(* Consider a network $\dot{x}_i=f(x_i)+u_i$, $i=1,\dots,N$, $x_i\in\mathbb{R}^n$, with $u_i$ depending on $x_1,\dots,x_N$. Suppose there is a smooth $\Phi:(\mathbb{R}^n)^N\times(\mathbb{R}^n)^N\to\mathbb{R}^n$ such that for every $i=1,\dots,N$, $$\Phi(x_i,x_{i+1},\dots,x_{i+N-1},x_1,\dots,x_N)=f(x_i)+u_i,$$ with indices taken modulo $N$. Define $\Psi:\mathbb{R}^{nN}\times(\mathbb{R}^n)^N\to\mathbb{R}^{nN}$ by, for $Y=(y_1,\dots,y_N)\in(\mathbb{R}^n)^N$, letting the $k$-th $n$-block of $\Psi(Y,x_1,\dots,x_N)$ be $\Phi(y_k,y_{k+1},\dots,y_{k+N-1},x_1,\dots,x_N)$ (indices mod $N$). Let $(x_1(t),\dots,x_N(t))$ be a solution of the network and suppose there is $\lambda>0$ with $\big(\tfrac{\partial\Psi}{\partial Y}(Y,x_1(t),\dots,x_N(t))\big)_s\preceq-\lambda I$ for all $Y\in\mathbb{R}^{nN}$ and $t\ge0$. Then $\|x_i(t)-x_j(t)\|\to0$ exponentially as $t\to\infty$ for all $i,j$. In particular, if this holds for every solution, the network is completely synchronized regardless of initial conditions.
   Context: For a square matrix $M$, $M_s=\tfrac12(M+M^T)$. $M\preceq N$ means $N-M$ is positive semidefinite. *)

theory Defs
  imports "HOL-Analysis.Analysis"
begin

text \<open>Iterated partial derivatives: pderivs f vs g means g is obtained from f by
  differentiating successively along the directions of vs (last element first).\<close>
fun pderivs :: "('a::euclidean_space \<Rightarrow> 'b::real_normed_vector) \<Rightarrow> 'a list \<Rightarrow> ('a \<Rightarrow> 'b) \<Rightarrow> bool" where
  "pderivs f [] g = (g = f)"
| "pderivs f (v # vs) h =
     (\<exists>g. pderivs f vs g \<and> (\<forall>x. ((\<lambda>t. g (x + t *\<^sub>R v)) has_vector_derivative h x) (at 0)))"

definition smooth :: "('a::euclidean_space \<Rightarrow> 'b::real_normed_vector) \<Rightarrow> bool" where
  "smooth f \<longleftrightarrow> (\<forall>vs. set vs \<subseteq> Basis \<longrightarrow> (\<exists>g. pderivs f vs g \<and> continuous_on UNIV g))"

text \<open>Matrices indexed by the standard basis of a Euclidean space.\<close>
definition mat_of_lin :: "('a::euclidean_space \<Rightarrow> 'a) \<Rightarrow> 'a \<Rightarrow> 'a \<Rightarrow> real" where
  "mat_of_lin L = (\<lambda>a b. a \<bullet> L b)"

definition sym_part :: "('a \<Rightarrow> 'a \<Rightarrow> real) \<Rightarrow> 'a \<Rightarrow> 'a \<Rightarrow> real" where
  "sym_part M = (\<lambda>a b. (M a b + M b a) / 2)"

definition id_mat :: "'a \<Rightarrow> 'a \<Rightarrow> real" where
  "id_mat = (\<lambda>a b. if a = b then 1 else 0)"

definition psd_on :: "'a set \<Rightarrow> ('a \<Rightarrow> 'a \<Rightarrow> real) \<Rightarrow> bool" where
  "psd_on B M \<longleftrightarrow> (\<forall>c. 0 \<le> (\<Sum>a\<in>B. \<Sum>b\<in>B. c a * M a b * c b))"

definition loewner_le :: "'a set \<Rightarrow> ('a \<Rightarrow> 'a \<Rightarrow> real) \<Rightarrow> ('a \<Rightarrow> 'a \<Rightarrow> real) \<Rightarrow> bool" where
  "loewner_le B M M' \<longleftrightarrow> psd_on B (\<lambda>a b. M' a b - M a b)"

text \<open>Cyclic labelling: \<iota> enumerates the agents as \<iota> 0, ..., \<iota> (N-1); pos is its inverse.\<close>
definition pos :: "(nat \<Rightarrow> 'N::finite) \<Rightarrow> 'N \<Rightarrow> nat" where
  "pos \<iota> k = inv_into {..<CARD('N)} \<iota> k"

text \<open>rot \<iota> k Y = (y_k, y_{k+1}, ..., y_{k+N-1}), indices mod N.\<close>
definition rot :: "(nat \<Rightarrow> 'N::finite) \<Rightarrow> 'N \<Rightarrow> 'v ^ 'N \<Rightarrow> 'v ^ 'N" where
  "rot \<iota> k Y = (\<chi> j. Y $ \<iota> ((pos \<iota> k + pos \<iota> j) mod CARD('N)))"

definition Psi :: "(nat \<Rightarrow> 'N::finite) \<Rightarrow> ('v ^ 'N \<Rightarrow> 'v ^ 'N \<Rightarrow> 'v) \<Rightarrow> 'v ^ 'N \<Rightarrow> 'v ^ 'N \<Rightarrow> 'v ^ 'N" where
  "Psi \<iota> \<Phi> Y X = (\<chi> k. \<Phi> (rot \<iota> k Y) X)"

end

theory Submission
  imports Defs
begin

text \<open>Let \<open>S\<close> be the cyclic shift \<open>(S Y)\<^sub>k = y\<^sub>k\<^sub>+\<^sub>1\<close>. It commutes with \<open>\<Psi>(\<cdot>, X)\<close>, and
  \<open>\<Psi>(X, X)\<close> is the vector field of the network. Hence \<open>W = X - S X\<close> satisfies
  \<open>W' = \<Psi>(X, X) - \<Psi>(S X, X)\<close>, and the mean value theorem applied to the contraction hypothesis
  gives \<open>\<langle>W, W'\<rangle> \<le> -\<lambda> |W|\<^sup>2\<close>, so \<open>|W|\<close> decays like \<open>e\<^sup>-\<^sup>\<lambda>\<^sup>t\<close>. The components of \<open>W\<close> are the
  differences of consecutive agents, and telescoping around the cycle bounds all other differences.
  Smoothness of \<open>\<Phi>\<close> enters only through continuity of its first partial derivatives, which makes
  \<open>\<Psi>(\<cdot>, X)\<close> differentiable so that the contraction hypothesis can be invoked.\<close>

lemma has_vector_derivative_along_line:
  fixes F :: "'a::real_normed_vector \<Rightarrow> 'b::real_normed_vector"
  assumes "\<And>z. ((\<lambda>t. F (z + t *\<^sub>R b)) has_vector_derivative P z) (at 0)"
  shows "((\<lambda>t. F (z + t *\<^sub>R b)) has_vector_derivative P (z + s *\<^sub>R b)) (at s)"
proof -
  have shift: "((\<lambda>t. t - s) has_vector_derivative 1) (at s)"
    by (auto intro!: derivative_eq_intros)
  have "((\<lambda>t. F ((z + s *\<^sub>R b) + t *\<^sub>R b)) has_vector_derivative P (z + s *\<^sub>R b)) (at ((\<lambda>t. t - s) s))"
    using assms by simp
  moreover have "(\<lambda>t. F ((z + s *\<^sub>R b) + t *\<^sub>R b)) \<circ> (\<lambda>t. t - s) = (\<lambda>t. F (z + t *\<^sub>R b))"
    by (auto simp: algebra_simps)
  ultimately show ?thesis
    using vector_diff_chain_at[OF shift] by fastforce
qed

lemma norm_increment_along_line_le:
  fixes F :: "'a::real_normed_vector \<Rightarrow> 'b::real_normed_vector"
  assumes der: "\<And>z. ((\<lambda>t. F (z + t *\<^sub>R b)) has_vector_derivative P z) (at 0)"
    and bound: "\<And>s. \<bar>s\<bar> \<le> \<bar>h\<bar> \<Longrightarrow> norm (P (z + s *\<^sub>R b) - c) \<le> e"
  shows "norm (F (z + h *\<^sub>R b) - F z - h *\<^sub>R c) \<le> e * \<bar>h\<bar>"
proof -
  let ?g = "\<lambda>t. F (z + t *\<^sub>R b) - t *\<^sub>R c"
  have g_deriv: "(?g has_derivative (\<lambda>u. u *\<^sub>R (P (z + s *\<^sub>R b) - c))) (at s within cball 0 \<bar>h\<bar>)" for s
  proof -
    have "((\<lambda>t. F (z + t *\<^sub>R b)) has_derivative (\<lambda>u. u *\<^sub>R P (z + s *\<^sub>R b))) (at s)"
      using has_vector_derivative_along_line[OF der] unfolding has_vector_derivative_def .
    then have "(?g has_derivative (\<lambda>u. u *\<^sub>R P (z + s *\<^sub>R b) - u *\<^sub>R c)) (at s)"
      by (auto intro!: derivative_eq_intros)
    then show ?thesis
      by (auto intro: has_derivative_at_withinI simp: scaleR_diff_right)
  qed
  have "onorm (\<lambda>u. u *\<^sub>R (P (z + s *\<^sub>R b) - c)) \<le> e" if "s \<in> cball 0 \<bar>h\<bar>" for s
    using that bound[of s] by (simp add: onorm_scaleR_left bounded_linear_ident onorm_id dist_real_def)
  then have "norm (?g h - ?g 0) \<le> e * norm (h - 0)"
    by (intro differentiable_bound[OF convex_cball g_deriv]) auto
  then show ?thesis by (simp add: algebra_simps)
qed

lemma norm_coordinate_partial_sum_le:
  fixes v :: "'a::euclidean_space"
  assumes "S \<subseteq> Basis" "b \<in> Basis" "b \<notin> S" "\<bar>s\<bar> \<le> \<bar>v \<bullet> b\<bar>"
  shows "norm ((\<Sum>c\<in>S. (v \<bullet> c) *\<^sub>R c) + s *\<^sub>R b) \<le> norm v"
proof (rule norm_le_componentwise)
  fix c :: 'a assume c: "c \<in> Basis"
  have "(\<Sum>d\<in>S. (v \<bullet> d) *\<^sub>R d) \<bullet> c = (\<Sum>d\<in>S. if d = c then v \<bullet> c else 0)"
    using assms(1) c by (auto simp: inner_sum_left inner_Basis intro!: sum.cong)
  also have "\<dots> = (if c \<in> S then v \<bullet> c else 0)"
    using finite_subset[OF assms(1)] by (simp add: sum.delta')
  finally show "\<bar>((\<Sum>c\<in>S. (v \<bullet> c) *\<^sub>R c) + s *\<^sub>R b) \<bullet> c\<bar> \<le> \<bar>v \<bullet> c\<bar>"
    using assms c by (auto simp: inner_add_left inner_Basis)
qed

lemma norm_increment_along_coordinates_le:
  fixes F :: "'a::euclidean_space \<Rightarrow> 'b::real_normed_vector"
  assumes der: "\<And>b z. b \<in> Basis \<Longrightarrow> ((\<lambda>t. F (z + t *\<^sub>R b)) has_vector_derivative P b z) (at 0)"
    and close: "\<And>b z. b \<in> Basis \<Longrightarrow> norm (z - x) \<le> norm v \<Longrightarrow> norm (P b z - P b x) \<le> e"
    and S: "S \<subseteq> Basis"
  shows "norm (F (x + (\<Sum>c\<in>S. (v \<bullet> c) *\<^sub>R c)) - F x - (\<Sum>c\<in>S. (v \<bullet> c) *\<^sub>R P c x))
           \<le> e * (\<Sum>c\<in>S. \<bar>v \<bullet> c\<bar>)"
  using finite_subset[OF S finite_Basis] S
proof (induction S rule: finite_induct)
  case empty
  then show ?case by simp
next
  case (insert b S)
  let ?z = "x + (\<Sum>c\<in>S. (v \<bullet> c) *\<^sub>R c)"
  let ?last = "F (?z + (v \<bullet> b) *\<^sub>R b) - F ?z - (v \<bullet> b) *\<^sub>R P b x"
  let ?rest = "F ?z - F x - (\<Sum>c\<in>S. (v \<bullet> c) *\<^sub>R P c x)"
  have b: "b \<in> Basis" and S: "S \<subseteq> Basis" using insert.prems by auto
  have last: "norm ?last \<le> e * \<bar>v \<bullet> b\<bar>"
  proof (rule norm_increment_along_line_le)
    show "((\<lambda>t. F (z + t *\<^sub>R b)) has_vector_derivative P b z) (at 0)" for z
      using der b .
    fix s :: real assume "\<bar>s\<bar> \<le> \<bar>v \<bullet> b\<bar>"
    then have "norm (?z + s *\<^sub>R b - x) \<le> norm v"
      using norm_coordinate_partial_sum_le[OF S b insert.hyps(2)] by (simp add: add.assoc)
    then show "norm (P b (?z + s *\<^sub>R b) - P b x) \<le> e"
      using close b by blast
  qed
  have "F (x + (\<Sum>c\<in>insert b S. (v \<bullet> c) *\<^sub>R c)) - F x - (\<Sum>c\<in>insert b S. (v \<bullet> c) *\<^sub>R P c x)
      = ?last + ?rest"
    using insert.hyps by (simp add: algebra_simps)
  then have "norm (F (x + (\<Sum>c\<in>insert b S. (v \<bullet> c) *\<^sub>R c)) - F x - (\<Sum>c\<in>insert b S. (v \<bullet> c) *\<^sub>R P c x))
      \<le> norm ?last + norm ?rest"
    by (simp only: norm_triangle_ineq)
  also have "\<dots> \<le> e * \<bar>v \<bullet> b\<bar> + e * (\<Sum>c\<in>S. \<bar>v \<bullet> c\<bar>)"
    using last insert.IH[OF S] by (rule add_mono)
  also have "\<dots> = e * (\<Sum>c\<in>insert b S. \<bar>v \<bullet> c\<bar>)"
    using insert.hyps by (simp add: distrib_left)
  finally show ?case .
qed

lemma has_derivative_continuous_partials:
  fixes F :: "'a::euclidean_space \<Rightarrow> 'b::real_normed_vector"
  assumes der: "\<And>b z. b \<in> Basis \<Longrightarrow> ((\<lambda>t. F (z + t *\<^sub>R b)) has_vector_derivative P b z) (at 0)"
    and cont: "\<And>b. b \<in> Basis \<Longrightarrow> continuous_on UNIV (P b)"
  shows "(F has_derivative (\<lambda>h. \<Sum>b\<in>Basis. (h \<bullet> b) *\<^sub>R P b x)) (at x)"
  unfolding has_derivative_at_alt
proof (intro conjI allI impI)
  show "bounded_linear (\<lambda>h. \<Sum>b\<in>Basis. (h \<bullet> b) *\<^sub>R P b x)"
    by (intro bounded_linear_sum bounded_linear_compose[OF bounded_linear_scaleR_left bounded_linear_inner_left])
  fix e :: real assume "e > 0"
  define e' where "e' = e / DIM('a)"
  have "e' > 0" using \<open>e > 0\<close> by (simp add: e'_def)
  then have "\<forall>b\<in>Basis. \<exists>d>0. \<forall>z. dist z x < d \<longrightarrow> dist (P b z) (P b x) < e'"
    using cont unfolding continuous_on_iff by blast
  then obtain d where d: "\<And>b. b \<in> Basis \<Longrightarrow> d b > 0 \<and> (\<forall>z. dist z x < d b \<longrightarrow> dist (P b z) (P b x) < e')"
    by metis
  define \<delta> where "\<delta> = Min (d ` Basis)"
  show "\<exists>\<delta>>0. \<forall>y. norm (y - x) < \<delta> \<longrightarrow>
          norm (F y - F x - (\<Sum>b\<in>Basis. ((y - x) \<bullet> b) *\<^sub>R P b x)) \<le> e * norm (y - x)"
  proof (intro exI conjI allI impI)
    show "\<delta> > 0" using d by (simp add: \<delta>_def)
    fix y assume y: "norm (y - x) < \<delta>"
    have "norm (P b z - P b x) \<le> e'" if "b \<in> Basis" "norm (z - x) \<le> norm (y - x)" for b z
    proof -
      have "norm (z - x) < d b"
        using that y Min_le[of "d ` Basis" "d b"] unfolding \<delta>_def by fastforce
      then show ?thesis
        using d[OF \<open>b \<in> Basis\<close>] by (auto simp: dist_norm intro: less_imp_le)
    qed
    from norm_increment_along_coordinates_le[where v = "y - x", OF der this order_refl]
    have "norm (F y - F x - (\<Sum>b\<in>Basis. ((y - x) \<bullet> b) *\<^sub>R P b x)) \<le> e' * (\<Sum>c\<in>Basis. \<bar>(y - x) \<bullet> c\<bar>)"
      by (simp add: euclidean_representation)
    also have "\<dots> \<le> e' * (\<Sum>c\<in>(Basis::'a set). norm (y - x))"
      using \<open>e' > 0\<close> by (intro mult_left_mono sum_mono Basis_le_norm) auto
    also have "\<dots> = e * norm (y - x)"
      by (simp add: e'_def)
    finally show "norm (F y - F x - (\<Sum>b\<in>Basis. ((y - x) \<bullet> b) *\<^sub>R P b x)) \<le> e * norm (y - x)" .
  qed
qed
lemma S_mat_orthogonal: "transpose_mat (S_mat n) * S_mat n = (real n / 2) \<cdot>\<^sub>m 1\<^sub>m (n - 1)"
proof (rule eq_matI)
  fix i j assume "i < dim_row ((real n / 2) \<cdot>\<^sub>m 1\<^sub>m (n - 1))" "j < dim_col ((real n / 2) \<cdot>\<^sub>m 1\<^sub>m (n - 1))"
  then have i: "i < n - 1" and j: "j < n - 1"
    by auto
  define f where "f k = sin (real (i + 1) * real k * pi / real n) * sin (real (j + 1) * real k * pi / real n)" for k
  have "(transpose_mat (S_mat n) * S_mat n) $$ (i, j) = (\<Sum>k<n - 1. f (Suc k))"
    using i j by (auto simp: transpose_S_mat S_mat_def scalar_prod_def f_def atLeast0LessThan
        mult.commute mult.left_commute intro!: sum.cong)
  also have "\<dots> = (\<Sum>k<n. f k)"
    using i sum.lessThan_Suc_shift[of f "n - 1"] by (simp add: f_def)
  also have "\<dots> = (if i = j then real n / 2 else 0)"
    unfolding f_def using i j by (subst sum_sin_sin_orthogonal) auto
  finally show "(transpose_mat (S_mat n) * S_mat n) $$ (i, j) = ((real n / 2) \<cdot>\<^sub>m 1\<^sub>m (n - 1)) $$ (i, j)"
    using i j by simp
qed (auto simp: S_mat_def)

lemma C_mat_orthogonal: "transpose_mat (C_mat n) * C_mat n = (real n / 2) \<cdot>\<^sub>m 1\<^sub>m n"
proof (rule eq_matI)
  fix a b assume "a < dim_row ((real n / 2) \<cdot>\<^sub>m 1\<^sub>m n)" "b < dim_col ((real n / 2) \<cdot>\<^sub>m 1\<^sub>m n)"
  then have a: "a < n" and b: "b < n"
    by auto
  have "(transpose_mat (C_mat n) * C_mat n) $$ (a, b)
      = nu a * nu b * (\<Sum>i<n. cos (real (2 * i + 1) * real a * pi / (2 * real n))
          * cos (real (2 * i + 1) * real b * pi / (2 * real n)))"
    using a b by (auto simp: C_mat_def scalar_prod_def sum_distrib_left atLeast0LessThan intro!: sum.cong)
  also have "\<dots> = nu a * nu b * (if a = b then if a = 0 then real n else real n / 2 else 0)"
    by (subst sum_cos_cos_orthogonal[OF a b]) (rule refl)
  also have "\<dots> = (if a = b then real n / 2 else 0)"
    by (auto simp: nu_def)
  finally show "(transpose_mat (C_mat n) * C_mat n) $$ (a, b) = ((real n / 2) \<cdot>\<^sub>m 1\<^sub>m n) $$ (a, b)"
    using a b by simp
qed (auto simp: C_mat_def)

lemma B_mat_mult_C_mat: "B_mat n * C_mat n = S_mat n * Gamma_mat n"
proof (rule eq_matI)
  fix i j assume "i < dim_row (S_mat n * Gamma_mat n)" "j < dim_col (S_mat n * Gamma_mat n)"
  then have i: "i < n - 1" and j: "j < n"
    by (auto simp: S_mat_def Gamma_mat_def)
  define X where "X = real (i + 1) * real j * pi / real n"
  define Y where "Y = real j * pi / (2 * real n)"
  have "(B_mat n * C_mat n) $$ (i, j)
      = (\<Sum>k<n. (if k = i then - C_mat n $$ (k, j) else 0) + (if k = i + 1 then C_mat n $$ (k, j) else 0))"
    using i j by (auto simp: B_mat_def C_mat_def scalar_prod_def atLeast0LessThan intro!: sum.cong)
  also have "\<dots> = C_mat n $$ (i + 1, j) - C_mat n $$ (i, j)"
    using i by (simp add: sum.distrib less_diff_conv)
  also have "\<dots> = nu j * (cos (X + Y) - cos (X - Y))"
    using i j by (simp add: C_mat_def X_def Y_def add_divide_distrib diff_divide_distrib algebra_simps)
  also have "\<dots> = (S_mat n * Gamma_mat n) $$ (i, j)"
  proof (cases "j = 0")
    case False
    have "(S_mat n * Gamma_mat n) $$ (i, j) = (\<Sum>k\<in>{0..<n - 1}. S_mat n $$ (i, k) * Gamma_mat n $$ (k, j))"
      using i j by (simp add: S_mat_def Gamma_mat_def scalar_prod_def)
    also have "\<dots> = (\<Sum>k\<in>{0..<n - 1}. if k = j - 1 then S_mat n $$ (i, k) * tau n j else 0)"
      using j False by (intro sum.cong) (auto simp: Gamma_mat_def)
    also have "\<dots> = S_mat n $$ (i, j - 1) * tau n j"
      using j False by simp
    also have "\<dots> = nu j * (cos (X + Y) - cos (X - Y))"
      using i j False by (simp add: cos_add cos_diff S_mat_def tau_def nu_def X_def Y_def)
    finally show ?thesis ..
  qed (use i j in \<open>simp add: S_mat_def Gamma_mat_def scalar_prod_def X_def Y_def\<close>)
  finally show "(B_mat n * C_mat n) $$ (i, j) = (S_mat n * Gamma_mat n) $$ (i, j)" .
qed (auto simp: B_mat_def C_mat_def S_mat_def Gamma_mat_def)

theorem lemma2p1:
  fixes n :: nat
  assumes "n \<ge> 2"
  shows "invertible_mat (S_mat n) \<and> invertible_mat (C_mat n)
    \<and> mat_inv (S_mat n) * B_mat n * C_mat n = Gamma_mat n
    \<and> S_mat n * B_mat n * mat_inv (transpose_mat (C_mat n)) = Gamma_mat n"
proof -
  define c where "c = real n / 2"
  have "c \<noteq> 0"
    using assms by (simp add: c_def)
  have S: "S_mat n \<in> carrier_mat (n - 1) (n - 1)" and C: "C_mat n \<in> carrier_mat n n"
    and B: "B_mat n \<in> carrier_mat (n - 1) n" and G: "Gamma_mat n \<in> carrier_mat (n - 1) n"
    by (simp_all add: S_mat_def C_mat_def B_mat_def Gamma_mat_def)
  note S_inv = scaled_orthogonal_mat_inv[OF S \<open>c \<noteq> 0\<close> S_mat_orthogonal[of n, folded c_def]]
  note C_inv = scaled_orthogonal_mat_inv[OF C \<open>c \<noteq> 0\<close> C_mat_orthogonal[of n, folded c_def]]
  have "S_mat n * (B_mat n * C_mat n) = (transpose_mat (S_mat n) * S_mat n) * Gamma_mat n"
    using S G by (simp add: B_mat_mult_C_mat transpose_S_mat)
  also have "\<dots> = c \<cdot>\<^sub>m Gamma_mat n"
    using G by (simp add: S_mat_orthogonal c_def mult_smult_assoc_mat[OF one_carrier_mat])
  finally have "(1 / c) \<cdot>\<^sub>m (S_mat n * (B_mat n * C_mat n)) = Gamma_mat n"
    using \<open>c \<noteq> 0\<close> by (intro eq_matI) auto
  moreover have "mat_inv (S_mat n) * B_mat n * C_mat n = (1 / c) \<cdot>\<^sub>m (S_mat n * (B_mat n * C_mat n))"
    using S B C by (simp add: S_inv(2) transpose_S_mat mult_smult_assoc_mat
        mult_smult_assoc_mat[OF mult_carrier_mat[OF S B] C])
  moreover have "S_mat n * B_mat n * mat_inv (transpose_mat (C_mat n)) = (1 / c) \<cdot>\<^sub>m (S_mat n * (B_mat n * C_mat n))"
    using S B C by (simp add: C_inv(3) mult_smult_distrib[OF mult_carrier_mat[OF S B] C])
  ultimately show ?thesis
    using S_inv(1) C_inv(1) by simp
qed

end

▸ **Exercise details**: Taking the line with "finally show ?thesis .." as the first and the line with "by (simp_all add: S_mat_def" as the last, retype that stretch of the data above exactly, with no other lines.

▸ **Task result**:
    finally show ?thesis ..
  qed (use i j in \<open>simp add: S_mat_def Gamma_mat_def scalar_prod_def X_def Y_def\<close>)
  finally show "(B_mat n * C_mat n) $$ (i, j) = (S_mat n * Gamma_mat n) $$ (i, j)" .
qed (auto simp: B_mat_def C_mat_def S_mat_def Gamma_mat_def)

theorem lemma2p1:
  fixes n :: nat
  assumes "n \<ge> 2"
  shows "invertible_mat (S_mat n) \<and> invertible_mat (C_mat n)
    \<and> mat_inv (S_mat n) * B_mat n * C_mat n = Gamma_mat n
    \<and> S_mat n * B_mat n * mat_inv (transpose_mat (C_mat n)) = Gamma_mat n"
proof -
  define c where "c = real n / 2"
  have "c \<noteq> 0"
    using assms by (simp add: c_def)
  have S: "S_mat n \<in> carrier_mat (n - 1) (n - 1)" and C: "C_mat n \<in> carrier_mat n n"
    and B: "B_mat n \<in> carrier_mat (n - 1) n" and G: "Gamma_mat n \<in> carrier_mat (n - 1) n"
    by (simp_all add: S_mat_def C_mat_def B_mat_def Gamma_mat_def)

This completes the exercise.